[Start of section]
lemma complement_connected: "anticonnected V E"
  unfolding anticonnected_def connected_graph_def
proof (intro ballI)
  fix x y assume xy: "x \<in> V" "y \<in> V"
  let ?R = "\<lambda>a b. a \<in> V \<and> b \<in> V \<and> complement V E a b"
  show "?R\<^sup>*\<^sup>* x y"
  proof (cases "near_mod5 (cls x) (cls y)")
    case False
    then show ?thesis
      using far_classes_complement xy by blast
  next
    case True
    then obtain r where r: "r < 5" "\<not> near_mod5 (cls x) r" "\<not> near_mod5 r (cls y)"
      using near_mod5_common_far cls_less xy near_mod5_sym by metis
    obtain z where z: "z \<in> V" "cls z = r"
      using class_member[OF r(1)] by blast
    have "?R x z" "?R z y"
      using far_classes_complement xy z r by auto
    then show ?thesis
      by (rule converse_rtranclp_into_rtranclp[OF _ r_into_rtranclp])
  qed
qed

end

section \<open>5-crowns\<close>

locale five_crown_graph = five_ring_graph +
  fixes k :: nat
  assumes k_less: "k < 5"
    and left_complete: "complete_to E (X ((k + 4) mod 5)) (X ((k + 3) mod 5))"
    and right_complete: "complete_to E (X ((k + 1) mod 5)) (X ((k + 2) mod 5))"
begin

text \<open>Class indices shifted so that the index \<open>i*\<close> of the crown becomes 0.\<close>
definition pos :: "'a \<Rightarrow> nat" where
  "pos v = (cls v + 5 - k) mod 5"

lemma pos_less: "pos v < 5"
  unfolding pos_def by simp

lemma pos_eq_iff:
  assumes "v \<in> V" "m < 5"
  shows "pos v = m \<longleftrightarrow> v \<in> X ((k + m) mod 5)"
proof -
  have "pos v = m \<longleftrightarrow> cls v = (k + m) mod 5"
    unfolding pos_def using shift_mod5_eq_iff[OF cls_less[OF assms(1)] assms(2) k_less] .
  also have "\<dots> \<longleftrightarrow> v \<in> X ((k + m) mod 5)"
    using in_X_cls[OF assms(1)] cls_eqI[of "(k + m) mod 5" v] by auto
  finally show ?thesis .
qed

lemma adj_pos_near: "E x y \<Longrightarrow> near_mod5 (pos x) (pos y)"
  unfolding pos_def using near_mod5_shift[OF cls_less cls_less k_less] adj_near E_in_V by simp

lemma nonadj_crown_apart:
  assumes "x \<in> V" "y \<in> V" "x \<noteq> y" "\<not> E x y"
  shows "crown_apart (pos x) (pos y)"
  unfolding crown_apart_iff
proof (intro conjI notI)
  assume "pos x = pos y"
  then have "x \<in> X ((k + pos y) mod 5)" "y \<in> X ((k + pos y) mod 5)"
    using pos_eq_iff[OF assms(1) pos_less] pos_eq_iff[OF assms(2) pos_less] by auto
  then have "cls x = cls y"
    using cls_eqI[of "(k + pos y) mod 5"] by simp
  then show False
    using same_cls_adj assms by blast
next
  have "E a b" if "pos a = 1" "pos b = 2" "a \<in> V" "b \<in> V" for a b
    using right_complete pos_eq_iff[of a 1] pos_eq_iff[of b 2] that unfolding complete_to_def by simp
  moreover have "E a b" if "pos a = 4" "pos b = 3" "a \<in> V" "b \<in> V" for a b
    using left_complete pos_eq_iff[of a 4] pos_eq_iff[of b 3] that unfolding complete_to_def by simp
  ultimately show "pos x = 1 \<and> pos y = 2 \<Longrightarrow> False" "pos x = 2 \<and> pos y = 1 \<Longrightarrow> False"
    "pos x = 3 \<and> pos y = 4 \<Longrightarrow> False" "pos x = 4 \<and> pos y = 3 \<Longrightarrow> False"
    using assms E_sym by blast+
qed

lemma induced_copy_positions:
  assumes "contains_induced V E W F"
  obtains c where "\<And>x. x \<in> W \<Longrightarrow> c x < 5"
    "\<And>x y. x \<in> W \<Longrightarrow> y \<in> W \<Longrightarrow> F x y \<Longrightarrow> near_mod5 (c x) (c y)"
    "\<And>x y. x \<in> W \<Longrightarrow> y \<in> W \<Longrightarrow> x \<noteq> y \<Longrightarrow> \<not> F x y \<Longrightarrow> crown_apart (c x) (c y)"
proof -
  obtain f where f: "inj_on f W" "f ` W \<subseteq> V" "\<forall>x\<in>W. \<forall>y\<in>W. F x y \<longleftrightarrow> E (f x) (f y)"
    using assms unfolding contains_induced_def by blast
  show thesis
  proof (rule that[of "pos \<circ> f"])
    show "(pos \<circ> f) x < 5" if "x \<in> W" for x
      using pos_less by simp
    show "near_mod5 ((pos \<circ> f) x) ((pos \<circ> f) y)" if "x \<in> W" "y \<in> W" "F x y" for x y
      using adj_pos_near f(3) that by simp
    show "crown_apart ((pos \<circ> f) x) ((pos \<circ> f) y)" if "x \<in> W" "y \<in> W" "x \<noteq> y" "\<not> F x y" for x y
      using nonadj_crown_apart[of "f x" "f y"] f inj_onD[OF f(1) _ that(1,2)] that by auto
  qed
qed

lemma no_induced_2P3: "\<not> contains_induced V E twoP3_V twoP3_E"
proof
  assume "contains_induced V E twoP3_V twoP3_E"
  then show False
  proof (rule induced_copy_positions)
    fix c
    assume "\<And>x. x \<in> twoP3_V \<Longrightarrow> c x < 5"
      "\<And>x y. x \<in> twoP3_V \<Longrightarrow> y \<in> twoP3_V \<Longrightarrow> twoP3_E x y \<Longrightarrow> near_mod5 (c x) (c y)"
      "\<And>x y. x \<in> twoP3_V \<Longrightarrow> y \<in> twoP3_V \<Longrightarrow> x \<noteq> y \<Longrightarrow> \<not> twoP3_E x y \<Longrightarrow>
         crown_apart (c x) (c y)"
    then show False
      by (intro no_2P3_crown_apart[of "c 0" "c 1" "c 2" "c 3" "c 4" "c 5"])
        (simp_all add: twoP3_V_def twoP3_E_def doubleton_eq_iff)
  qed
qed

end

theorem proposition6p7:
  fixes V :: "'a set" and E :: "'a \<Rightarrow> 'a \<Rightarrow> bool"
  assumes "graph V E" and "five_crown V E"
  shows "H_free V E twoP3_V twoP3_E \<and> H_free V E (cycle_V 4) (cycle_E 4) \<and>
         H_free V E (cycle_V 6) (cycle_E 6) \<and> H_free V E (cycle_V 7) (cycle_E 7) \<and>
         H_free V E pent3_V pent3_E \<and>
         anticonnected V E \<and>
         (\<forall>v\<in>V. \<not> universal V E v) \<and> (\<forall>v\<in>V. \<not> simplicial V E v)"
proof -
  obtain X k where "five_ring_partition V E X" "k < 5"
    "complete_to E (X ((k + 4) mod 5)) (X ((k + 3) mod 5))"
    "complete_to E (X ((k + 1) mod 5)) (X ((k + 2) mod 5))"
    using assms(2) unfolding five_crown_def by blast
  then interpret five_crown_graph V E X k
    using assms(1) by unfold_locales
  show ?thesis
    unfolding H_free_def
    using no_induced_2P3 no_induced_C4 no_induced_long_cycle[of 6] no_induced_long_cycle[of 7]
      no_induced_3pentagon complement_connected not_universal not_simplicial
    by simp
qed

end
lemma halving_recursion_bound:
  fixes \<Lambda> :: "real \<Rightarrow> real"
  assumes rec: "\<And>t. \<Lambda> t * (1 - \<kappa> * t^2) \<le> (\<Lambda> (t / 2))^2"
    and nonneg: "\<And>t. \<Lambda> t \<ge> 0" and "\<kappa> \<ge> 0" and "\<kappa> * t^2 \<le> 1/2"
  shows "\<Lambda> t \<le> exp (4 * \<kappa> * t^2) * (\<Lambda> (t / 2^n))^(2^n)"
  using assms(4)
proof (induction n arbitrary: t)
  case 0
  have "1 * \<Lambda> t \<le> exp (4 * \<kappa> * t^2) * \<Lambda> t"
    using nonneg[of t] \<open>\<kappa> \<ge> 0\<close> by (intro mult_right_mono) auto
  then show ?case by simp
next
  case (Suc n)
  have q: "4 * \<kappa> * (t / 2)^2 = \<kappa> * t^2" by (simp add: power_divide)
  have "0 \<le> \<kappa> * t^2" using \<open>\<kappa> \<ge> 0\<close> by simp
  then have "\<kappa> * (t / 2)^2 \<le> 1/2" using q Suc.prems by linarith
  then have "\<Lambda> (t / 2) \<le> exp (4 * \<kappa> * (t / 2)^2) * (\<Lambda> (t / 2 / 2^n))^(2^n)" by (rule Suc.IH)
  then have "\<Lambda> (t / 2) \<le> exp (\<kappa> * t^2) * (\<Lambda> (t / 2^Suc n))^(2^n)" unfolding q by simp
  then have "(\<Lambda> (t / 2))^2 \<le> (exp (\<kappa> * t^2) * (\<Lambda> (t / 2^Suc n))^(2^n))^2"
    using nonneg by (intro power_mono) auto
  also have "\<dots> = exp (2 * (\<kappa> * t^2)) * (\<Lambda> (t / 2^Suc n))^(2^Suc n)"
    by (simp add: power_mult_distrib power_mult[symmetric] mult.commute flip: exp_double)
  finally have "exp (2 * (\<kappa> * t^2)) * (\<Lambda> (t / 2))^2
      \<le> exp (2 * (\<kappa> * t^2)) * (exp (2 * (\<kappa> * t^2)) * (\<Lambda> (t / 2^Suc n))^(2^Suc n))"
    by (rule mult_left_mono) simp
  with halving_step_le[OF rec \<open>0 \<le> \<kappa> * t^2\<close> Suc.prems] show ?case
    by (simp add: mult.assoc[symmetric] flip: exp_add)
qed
[End of section]
● **What the exercise asks**: Search the entries for the word "circ". Copy each line where it appears.

● **Written reply**:
  proof (rule that[of "pos \<circ> f"])
    show "(pos \<circ> f) x < 5" if "x \<in> W" for x
    show "near_mod5 ((pos \<circ> f) x) ((pos \<circ> f) y)" if "x \<in> W" "y \<in> W" "F x y" for x y
    show "crown_apart ((pos \<circ> f) x) ((pos \<circ> f) y)" if "x \<in> W" "y \<in> W" "x \<noteq> y" "\<not> F x y" for x y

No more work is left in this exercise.